Collected data entries:
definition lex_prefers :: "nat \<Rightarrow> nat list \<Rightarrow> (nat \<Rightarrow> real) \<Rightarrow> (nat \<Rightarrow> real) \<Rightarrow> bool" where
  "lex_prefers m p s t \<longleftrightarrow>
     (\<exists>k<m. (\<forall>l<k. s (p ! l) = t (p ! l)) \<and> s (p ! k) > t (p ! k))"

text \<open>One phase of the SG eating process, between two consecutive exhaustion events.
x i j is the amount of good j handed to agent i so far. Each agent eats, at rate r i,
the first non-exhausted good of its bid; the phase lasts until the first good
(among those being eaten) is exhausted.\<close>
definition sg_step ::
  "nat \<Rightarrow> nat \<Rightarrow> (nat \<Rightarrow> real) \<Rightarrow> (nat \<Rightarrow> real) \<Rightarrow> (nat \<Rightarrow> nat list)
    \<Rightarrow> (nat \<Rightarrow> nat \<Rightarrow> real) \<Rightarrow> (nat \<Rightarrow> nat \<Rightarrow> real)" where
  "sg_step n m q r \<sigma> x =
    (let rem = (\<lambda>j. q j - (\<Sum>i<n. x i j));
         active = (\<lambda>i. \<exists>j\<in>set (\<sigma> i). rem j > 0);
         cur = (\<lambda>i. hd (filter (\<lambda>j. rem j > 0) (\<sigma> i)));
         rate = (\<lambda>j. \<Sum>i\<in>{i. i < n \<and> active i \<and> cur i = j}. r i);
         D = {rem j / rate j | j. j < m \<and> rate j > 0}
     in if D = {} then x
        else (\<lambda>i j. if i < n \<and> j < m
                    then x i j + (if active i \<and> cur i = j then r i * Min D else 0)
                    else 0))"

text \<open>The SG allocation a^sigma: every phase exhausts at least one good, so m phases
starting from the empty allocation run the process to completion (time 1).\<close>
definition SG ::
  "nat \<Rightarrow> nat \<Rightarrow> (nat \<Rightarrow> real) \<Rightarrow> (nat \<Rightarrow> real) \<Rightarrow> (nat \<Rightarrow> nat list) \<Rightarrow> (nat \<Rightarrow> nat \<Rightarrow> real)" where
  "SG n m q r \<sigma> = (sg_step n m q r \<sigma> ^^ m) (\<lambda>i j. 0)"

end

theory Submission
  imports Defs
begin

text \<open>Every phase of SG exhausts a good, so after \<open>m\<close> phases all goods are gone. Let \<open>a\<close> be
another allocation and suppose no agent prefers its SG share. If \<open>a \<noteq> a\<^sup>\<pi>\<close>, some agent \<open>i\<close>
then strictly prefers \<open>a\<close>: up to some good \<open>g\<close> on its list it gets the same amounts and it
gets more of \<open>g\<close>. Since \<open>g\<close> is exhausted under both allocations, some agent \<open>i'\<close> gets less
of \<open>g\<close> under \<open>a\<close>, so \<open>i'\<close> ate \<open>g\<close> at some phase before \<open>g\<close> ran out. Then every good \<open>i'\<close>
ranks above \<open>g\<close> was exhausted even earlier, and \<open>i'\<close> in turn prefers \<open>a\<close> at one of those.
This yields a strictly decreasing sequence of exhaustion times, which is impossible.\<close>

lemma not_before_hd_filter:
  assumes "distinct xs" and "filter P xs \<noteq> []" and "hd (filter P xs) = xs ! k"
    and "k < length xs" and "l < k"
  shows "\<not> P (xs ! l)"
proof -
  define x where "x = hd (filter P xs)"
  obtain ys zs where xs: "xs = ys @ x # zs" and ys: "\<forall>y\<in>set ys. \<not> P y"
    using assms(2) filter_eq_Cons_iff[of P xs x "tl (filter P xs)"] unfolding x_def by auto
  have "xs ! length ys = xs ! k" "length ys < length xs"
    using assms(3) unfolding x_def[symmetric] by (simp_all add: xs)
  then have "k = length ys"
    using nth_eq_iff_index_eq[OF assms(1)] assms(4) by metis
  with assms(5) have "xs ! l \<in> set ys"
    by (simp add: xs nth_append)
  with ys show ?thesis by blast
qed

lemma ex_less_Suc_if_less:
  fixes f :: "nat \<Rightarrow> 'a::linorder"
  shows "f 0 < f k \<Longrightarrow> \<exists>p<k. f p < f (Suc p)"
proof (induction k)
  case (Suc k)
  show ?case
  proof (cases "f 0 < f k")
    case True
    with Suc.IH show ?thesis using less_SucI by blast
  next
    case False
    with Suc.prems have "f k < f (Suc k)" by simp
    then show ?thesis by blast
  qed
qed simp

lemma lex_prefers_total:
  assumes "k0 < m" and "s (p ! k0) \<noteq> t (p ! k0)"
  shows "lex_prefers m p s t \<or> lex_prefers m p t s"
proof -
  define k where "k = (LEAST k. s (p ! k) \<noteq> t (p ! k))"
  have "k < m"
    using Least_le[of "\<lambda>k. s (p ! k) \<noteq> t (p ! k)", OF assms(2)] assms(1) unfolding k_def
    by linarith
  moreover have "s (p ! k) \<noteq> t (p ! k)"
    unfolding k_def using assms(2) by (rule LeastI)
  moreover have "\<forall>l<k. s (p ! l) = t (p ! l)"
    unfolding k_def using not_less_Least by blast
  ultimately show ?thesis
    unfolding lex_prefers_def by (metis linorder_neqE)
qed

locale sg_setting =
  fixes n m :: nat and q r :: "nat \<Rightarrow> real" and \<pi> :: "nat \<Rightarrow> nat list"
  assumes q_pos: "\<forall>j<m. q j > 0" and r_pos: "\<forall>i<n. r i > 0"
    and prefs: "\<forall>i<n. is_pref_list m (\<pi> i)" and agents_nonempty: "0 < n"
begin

ASSIGNED TASK -> Give back precisely the lines above that start at the line containing "using assms(3) unfolding" and end at the line containing "ultimately show ?thesis", inclusive. No other lines belong in the output.

RESPONSE TO THIS EXERCISE ->
    using assms(3) unfolding x_def[symmetric] by (simp_all add: xs)
  then have "k = length ys"
    using nth_eq_iff_index_eq[OF assms(1)] assms(4) by metis
  with assms(5) have "xs ! l \<in> set ys"
    by (simp add: xs nth_append)
  with ys show ?thesis by blast
qed

lemma ex_less_Suc_if_less:
  fixes f :: "nat \<Rightarrow> 'a::linorder"
  shows "f 0 < f k \<Longrightarrow> \<exists>p<k. f p < f (Suc p)"
proof (induction k)
  case (Suc k)
  show ?case
  proof (cases "f 0 < f k")
    case True
    with Suc.IH show ?thesis using less_SucI by blast
  next
    case False
    with Suc.prems have "f k < f (Suc k)" by simp
    then show ?thesis by blast
  qed
qed simp

lemma lex_prefers_total:
  assumes "k0 < m" and "s (p ! k0) \<noteq> t (p ! k0)"
  shows "lex_prefers m p s t \<or> lex_prefers m p t s"
proof -
  define k where "k = (LEAST k. s (p ! k) \<noteq> t (p ! k))"
  have "k < m"
    using Least_le[of "\<lambda>k. s (p ! k) \<noteq> t (p ! k)", OF assms(2)] assms(1) unfolding k_def
    by linarith
  moreover have "s (p ! k) \<noteq> t (p ! k)"
    unfolding k_def using assms(2) by (rule LeastI)
  moreover have "\<forall>l<k. s (p ! l) = t (p ! l)"
    unfolding k_def using not_less_Least by blast
  ultimately show ?thesis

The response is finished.